→ YOUR GOAL: Reproduce only the stretch of entries below that begins at the first line and ends at the line holding "using V(1)[unfolded openin_prod_topology_alt, rule_format, OF".
### TASK INPUTS
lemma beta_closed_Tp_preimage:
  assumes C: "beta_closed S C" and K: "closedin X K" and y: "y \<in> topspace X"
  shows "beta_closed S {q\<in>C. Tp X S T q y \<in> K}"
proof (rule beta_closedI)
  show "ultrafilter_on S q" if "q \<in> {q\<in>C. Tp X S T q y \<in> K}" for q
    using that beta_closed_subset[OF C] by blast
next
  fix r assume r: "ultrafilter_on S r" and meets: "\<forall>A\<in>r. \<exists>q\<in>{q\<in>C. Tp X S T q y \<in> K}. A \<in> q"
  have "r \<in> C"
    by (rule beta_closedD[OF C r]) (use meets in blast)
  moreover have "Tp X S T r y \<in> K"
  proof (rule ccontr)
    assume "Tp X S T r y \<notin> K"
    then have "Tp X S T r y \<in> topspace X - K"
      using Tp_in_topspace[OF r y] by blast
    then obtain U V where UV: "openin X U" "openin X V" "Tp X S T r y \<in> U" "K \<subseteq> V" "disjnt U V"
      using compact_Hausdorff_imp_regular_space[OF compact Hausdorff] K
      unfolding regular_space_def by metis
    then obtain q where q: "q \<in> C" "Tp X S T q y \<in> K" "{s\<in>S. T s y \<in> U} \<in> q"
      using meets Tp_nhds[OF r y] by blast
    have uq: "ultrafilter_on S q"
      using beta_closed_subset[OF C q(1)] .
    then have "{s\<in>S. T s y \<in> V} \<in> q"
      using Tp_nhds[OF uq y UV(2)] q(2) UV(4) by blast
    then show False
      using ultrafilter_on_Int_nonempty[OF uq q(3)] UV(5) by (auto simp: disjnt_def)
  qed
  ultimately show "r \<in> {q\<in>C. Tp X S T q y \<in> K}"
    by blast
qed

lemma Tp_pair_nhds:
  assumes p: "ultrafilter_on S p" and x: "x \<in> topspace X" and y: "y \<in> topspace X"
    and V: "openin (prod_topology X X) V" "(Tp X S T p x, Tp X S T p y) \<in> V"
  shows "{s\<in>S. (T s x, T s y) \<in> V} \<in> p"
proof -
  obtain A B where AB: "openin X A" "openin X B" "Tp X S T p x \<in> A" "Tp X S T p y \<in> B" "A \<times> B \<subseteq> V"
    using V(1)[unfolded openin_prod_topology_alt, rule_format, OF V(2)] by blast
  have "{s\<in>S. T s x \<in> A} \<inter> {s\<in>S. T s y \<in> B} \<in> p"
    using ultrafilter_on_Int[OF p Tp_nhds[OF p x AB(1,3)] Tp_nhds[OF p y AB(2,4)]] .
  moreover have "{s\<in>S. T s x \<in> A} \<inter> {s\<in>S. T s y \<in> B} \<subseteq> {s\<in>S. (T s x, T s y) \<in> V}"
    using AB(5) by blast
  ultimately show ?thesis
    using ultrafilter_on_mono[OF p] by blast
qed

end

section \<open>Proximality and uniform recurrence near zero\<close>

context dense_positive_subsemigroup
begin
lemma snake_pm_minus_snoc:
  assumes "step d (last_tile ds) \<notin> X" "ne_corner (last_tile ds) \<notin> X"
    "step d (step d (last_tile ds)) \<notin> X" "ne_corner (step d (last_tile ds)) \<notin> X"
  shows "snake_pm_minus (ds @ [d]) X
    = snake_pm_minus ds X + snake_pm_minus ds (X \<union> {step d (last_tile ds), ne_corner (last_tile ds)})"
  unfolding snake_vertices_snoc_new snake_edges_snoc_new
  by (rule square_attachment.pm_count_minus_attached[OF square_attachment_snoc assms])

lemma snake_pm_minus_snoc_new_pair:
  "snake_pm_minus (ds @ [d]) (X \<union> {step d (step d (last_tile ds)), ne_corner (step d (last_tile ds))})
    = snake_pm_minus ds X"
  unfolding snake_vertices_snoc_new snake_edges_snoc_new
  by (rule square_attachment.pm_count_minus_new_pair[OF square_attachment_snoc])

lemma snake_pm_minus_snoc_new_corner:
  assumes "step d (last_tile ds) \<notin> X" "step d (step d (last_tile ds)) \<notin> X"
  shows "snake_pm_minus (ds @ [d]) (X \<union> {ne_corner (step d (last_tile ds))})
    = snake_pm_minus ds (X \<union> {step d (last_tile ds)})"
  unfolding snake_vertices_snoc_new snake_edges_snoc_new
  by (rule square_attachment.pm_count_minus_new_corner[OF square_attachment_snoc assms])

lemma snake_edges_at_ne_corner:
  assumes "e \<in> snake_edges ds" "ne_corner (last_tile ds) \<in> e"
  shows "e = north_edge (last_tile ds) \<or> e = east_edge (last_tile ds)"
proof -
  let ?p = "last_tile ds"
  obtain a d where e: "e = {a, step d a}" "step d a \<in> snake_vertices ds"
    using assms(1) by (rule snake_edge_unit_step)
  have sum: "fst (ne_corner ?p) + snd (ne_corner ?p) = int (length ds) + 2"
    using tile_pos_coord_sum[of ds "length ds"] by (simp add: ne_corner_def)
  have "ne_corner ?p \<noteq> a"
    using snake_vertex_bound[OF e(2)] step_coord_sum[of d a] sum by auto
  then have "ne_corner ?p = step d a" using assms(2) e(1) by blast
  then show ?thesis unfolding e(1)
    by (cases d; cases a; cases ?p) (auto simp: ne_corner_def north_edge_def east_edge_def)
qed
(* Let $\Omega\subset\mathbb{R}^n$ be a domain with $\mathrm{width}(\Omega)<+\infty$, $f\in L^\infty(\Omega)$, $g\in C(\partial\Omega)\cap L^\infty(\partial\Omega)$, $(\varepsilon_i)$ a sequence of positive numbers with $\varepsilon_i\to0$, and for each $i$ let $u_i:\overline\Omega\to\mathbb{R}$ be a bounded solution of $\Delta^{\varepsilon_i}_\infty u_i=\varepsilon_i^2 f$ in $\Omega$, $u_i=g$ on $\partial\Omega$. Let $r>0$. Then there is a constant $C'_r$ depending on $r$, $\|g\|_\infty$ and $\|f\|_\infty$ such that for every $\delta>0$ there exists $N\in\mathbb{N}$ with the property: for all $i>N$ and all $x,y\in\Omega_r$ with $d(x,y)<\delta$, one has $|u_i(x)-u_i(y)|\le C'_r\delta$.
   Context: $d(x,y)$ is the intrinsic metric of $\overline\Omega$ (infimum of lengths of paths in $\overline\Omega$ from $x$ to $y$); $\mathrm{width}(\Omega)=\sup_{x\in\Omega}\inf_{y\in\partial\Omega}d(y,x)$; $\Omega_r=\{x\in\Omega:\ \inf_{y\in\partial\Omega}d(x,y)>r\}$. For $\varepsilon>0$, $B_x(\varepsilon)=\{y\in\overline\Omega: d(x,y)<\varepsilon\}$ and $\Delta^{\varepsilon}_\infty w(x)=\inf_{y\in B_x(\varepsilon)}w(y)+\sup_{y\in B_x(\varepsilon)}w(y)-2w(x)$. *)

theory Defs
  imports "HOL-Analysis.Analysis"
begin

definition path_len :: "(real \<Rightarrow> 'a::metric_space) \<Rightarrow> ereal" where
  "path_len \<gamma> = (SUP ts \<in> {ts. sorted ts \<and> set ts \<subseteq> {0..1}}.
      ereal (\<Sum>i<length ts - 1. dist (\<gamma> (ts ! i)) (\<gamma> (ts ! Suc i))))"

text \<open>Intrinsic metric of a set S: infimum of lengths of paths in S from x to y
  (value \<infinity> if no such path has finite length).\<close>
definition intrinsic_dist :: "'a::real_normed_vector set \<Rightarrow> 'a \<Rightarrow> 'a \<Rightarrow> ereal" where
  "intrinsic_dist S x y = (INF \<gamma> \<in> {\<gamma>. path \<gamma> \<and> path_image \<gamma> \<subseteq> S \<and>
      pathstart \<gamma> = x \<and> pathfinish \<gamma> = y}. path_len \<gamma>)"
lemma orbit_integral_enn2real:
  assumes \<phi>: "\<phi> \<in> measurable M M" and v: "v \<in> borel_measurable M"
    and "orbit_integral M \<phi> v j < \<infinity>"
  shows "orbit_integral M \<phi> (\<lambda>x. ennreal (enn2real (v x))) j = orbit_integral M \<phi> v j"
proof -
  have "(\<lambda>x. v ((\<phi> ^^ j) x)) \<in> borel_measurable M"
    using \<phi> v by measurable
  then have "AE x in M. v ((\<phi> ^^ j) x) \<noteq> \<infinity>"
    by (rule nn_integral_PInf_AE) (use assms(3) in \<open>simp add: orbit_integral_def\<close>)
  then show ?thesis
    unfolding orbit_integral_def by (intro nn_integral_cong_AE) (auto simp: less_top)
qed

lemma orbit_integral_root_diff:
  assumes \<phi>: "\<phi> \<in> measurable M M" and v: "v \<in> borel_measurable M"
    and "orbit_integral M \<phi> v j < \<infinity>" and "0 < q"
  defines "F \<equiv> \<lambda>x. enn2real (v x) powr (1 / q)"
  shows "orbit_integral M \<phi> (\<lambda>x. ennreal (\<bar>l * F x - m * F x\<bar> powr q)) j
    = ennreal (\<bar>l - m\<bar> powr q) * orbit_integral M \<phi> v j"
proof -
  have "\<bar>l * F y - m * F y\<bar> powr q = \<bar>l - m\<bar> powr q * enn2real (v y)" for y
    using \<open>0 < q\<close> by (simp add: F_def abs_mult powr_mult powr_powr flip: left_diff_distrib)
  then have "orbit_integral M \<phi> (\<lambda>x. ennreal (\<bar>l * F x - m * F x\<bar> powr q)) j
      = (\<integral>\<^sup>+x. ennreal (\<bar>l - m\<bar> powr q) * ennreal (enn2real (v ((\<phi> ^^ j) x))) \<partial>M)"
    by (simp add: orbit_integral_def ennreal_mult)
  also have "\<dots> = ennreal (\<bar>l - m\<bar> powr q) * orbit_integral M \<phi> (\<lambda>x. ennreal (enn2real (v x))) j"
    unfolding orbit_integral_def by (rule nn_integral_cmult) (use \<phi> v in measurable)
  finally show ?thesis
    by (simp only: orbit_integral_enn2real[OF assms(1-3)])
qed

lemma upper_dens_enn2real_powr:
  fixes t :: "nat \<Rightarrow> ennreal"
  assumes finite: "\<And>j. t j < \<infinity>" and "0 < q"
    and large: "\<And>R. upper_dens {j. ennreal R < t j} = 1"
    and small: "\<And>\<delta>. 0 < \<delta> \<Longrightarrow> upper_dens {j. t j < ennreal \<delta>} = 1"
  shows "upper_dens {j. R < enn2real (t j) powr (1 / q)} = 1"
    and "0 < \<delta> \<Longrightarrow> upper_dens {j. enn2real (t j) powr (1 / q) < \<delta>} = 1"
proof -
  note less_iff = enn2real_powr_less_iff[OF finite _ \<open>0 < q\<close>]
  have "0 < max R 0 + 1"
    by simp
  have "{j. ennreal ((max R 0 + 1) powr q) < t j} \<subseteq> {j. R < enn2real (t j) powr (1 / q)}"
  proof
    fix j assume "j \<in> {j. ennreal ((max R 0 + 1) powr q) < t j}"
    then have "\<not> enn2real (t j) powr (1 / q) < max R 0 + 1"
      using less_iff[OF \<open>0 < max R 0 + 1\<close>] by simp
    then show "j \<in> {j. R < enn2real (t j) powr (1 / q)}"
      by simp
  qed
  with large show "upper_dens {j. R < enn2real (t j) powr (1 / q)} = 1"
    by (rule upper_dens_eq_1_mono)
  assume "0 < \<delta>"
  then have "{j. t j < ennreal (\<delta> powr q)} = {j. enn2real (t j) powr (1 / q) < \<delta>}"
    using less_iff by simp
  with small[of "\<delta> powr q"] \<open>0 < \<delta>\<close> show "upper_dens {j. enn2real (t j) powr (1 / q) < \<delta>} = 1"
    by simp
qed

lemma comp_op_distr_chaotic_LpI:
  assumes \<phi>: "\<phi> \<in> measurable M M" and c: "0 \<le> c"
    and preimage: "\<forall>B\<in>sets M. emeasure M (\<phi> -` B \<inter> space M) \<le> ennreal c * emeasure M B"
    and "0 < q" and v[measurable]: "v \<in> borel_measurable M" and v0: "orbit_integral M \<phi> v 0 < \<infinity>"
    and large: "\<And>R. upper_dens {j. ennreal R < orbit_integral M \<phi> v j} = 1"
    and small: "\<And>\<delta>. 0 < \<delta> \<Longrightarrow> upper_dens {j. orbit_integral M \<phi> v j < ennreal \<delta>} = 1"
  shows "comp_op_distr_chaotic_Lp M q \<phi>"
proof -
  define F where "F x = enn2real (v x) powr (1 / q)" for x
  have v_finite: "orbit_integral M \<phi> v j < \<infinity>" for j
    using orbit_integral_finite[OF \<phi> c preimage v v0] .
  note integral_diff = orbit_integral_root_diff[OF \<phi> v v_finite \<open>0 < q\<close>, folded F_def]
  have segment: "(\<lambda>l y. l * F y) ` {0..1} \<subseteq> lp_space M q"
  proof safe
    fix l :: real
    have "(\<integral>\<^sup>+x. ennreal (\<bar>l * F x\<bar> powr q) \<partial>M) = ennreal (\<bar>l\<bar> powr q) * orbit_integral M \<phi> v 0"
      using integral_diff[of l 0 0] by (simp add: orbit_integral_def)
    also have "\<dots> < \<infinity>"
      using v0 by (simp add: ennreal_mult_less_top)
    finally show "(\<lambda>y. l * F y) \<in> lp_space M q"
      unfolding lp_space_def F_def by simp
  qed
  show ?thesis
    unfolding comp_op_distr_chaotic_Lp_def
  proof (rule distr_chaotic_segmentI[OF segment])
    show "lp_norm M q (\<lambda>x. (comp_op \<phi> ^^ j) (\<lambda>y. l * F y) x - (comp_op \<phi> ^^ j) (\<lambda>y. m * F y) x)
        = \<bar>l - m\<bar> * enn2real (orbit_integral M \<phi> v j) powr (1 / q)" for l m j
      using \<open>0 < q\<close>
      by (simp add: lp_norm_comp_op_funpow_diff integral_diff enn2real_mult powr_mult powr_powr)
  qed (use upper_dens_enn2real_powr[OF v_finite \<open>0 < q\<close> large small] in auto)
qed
######
→ TASK RESPONSE:
lemma beta_closed_Tp_preimage:
  assumes C: "beta_closed S C" and K: "closedin X K" and y: "y \<in> topspace X"
  shows "beta_closed S {q\<in>C. Tp X S T q y \<in> K}"
proof (rule beta_closedI)
  show "ultrafilter_on S q" if "q \<in> {q\<in>C. Tp X S T q y \<in> K}" for q
    using that beta_closed_subset[OF C] by blast
next
  fix r assume r: "ultrafilter_on S r" and meets: "\<forall>A\<in>r. \<exists>q\<in>{q\<in>C. Tp X S T q y \<in> K}. A \<in> q"
  have "r \<in> C"
    by (rule beta_closedD[OF C r]) (use meets in blast)
  moreover have "Tp X S T r y \<in> K"
  proof (rule ccontr)
    assume "Tp X S T r y \<notin> K"
    then have "Tp X S T r y \<in> topspace X - K"
      using Tp_in_topspace[OF r y] by blast
    then obtain U V where UV: "openin X U" "openin X V" "Tp X S T r y \<in> U" "K \<subseteq> V" "disjnt U V"
      using compact_Hausdorff_imp_regular_space[OF compact Hausdorff] K
      unfolding regular_space_def by metis
    then obtain q where q: "q \<in> C" "Tp X S T q y \<in> K" "{s\<in>S. T s y \<in> U} \<in> q"
      using meets Tp_nhds[OF r y] by blast
    have uq: "ultrafilter_on S q"
      using beta_closed_subset[OF C q(1)] .
    then have "{s\<in>S. T s y \<in> V} \<in> q"
      using Tp_nhds[OF uq y UV(2)] q(2) UV(4) by blast
    then show False
      using ultrafilter_on_Int_nonempty[OF uq q(3)] UV(5) by (auto simp: disjnt_def)
  qed
  ultimately show "r \<in> {q\<in>C. Tp X S T q y \<in> K}"
    by blast
qed

lemma Tp_pair_nhds:
  assumes p: "ultrafilter_on S p" and x: "x \<in> topspace X" and y: "y \<in> topspace X"
    and V: "openin (prod_topology X X) V" "(Tp X S T p x, Tp X S T p y) \<in> V"
  shows "{s\<in>S. (T s x, T s y) \<in> V} \<in> p"
proof -
  obtain A B where AB: "openin X A" "openin X B" "Tp X S T p x \<in> A" "Tp X S T p y \<in> B" "A \<times> B \<subseteq> V"
    using V(1)[unfolded openin_prod_topology_alt, rule_format, OF V(2)] by blast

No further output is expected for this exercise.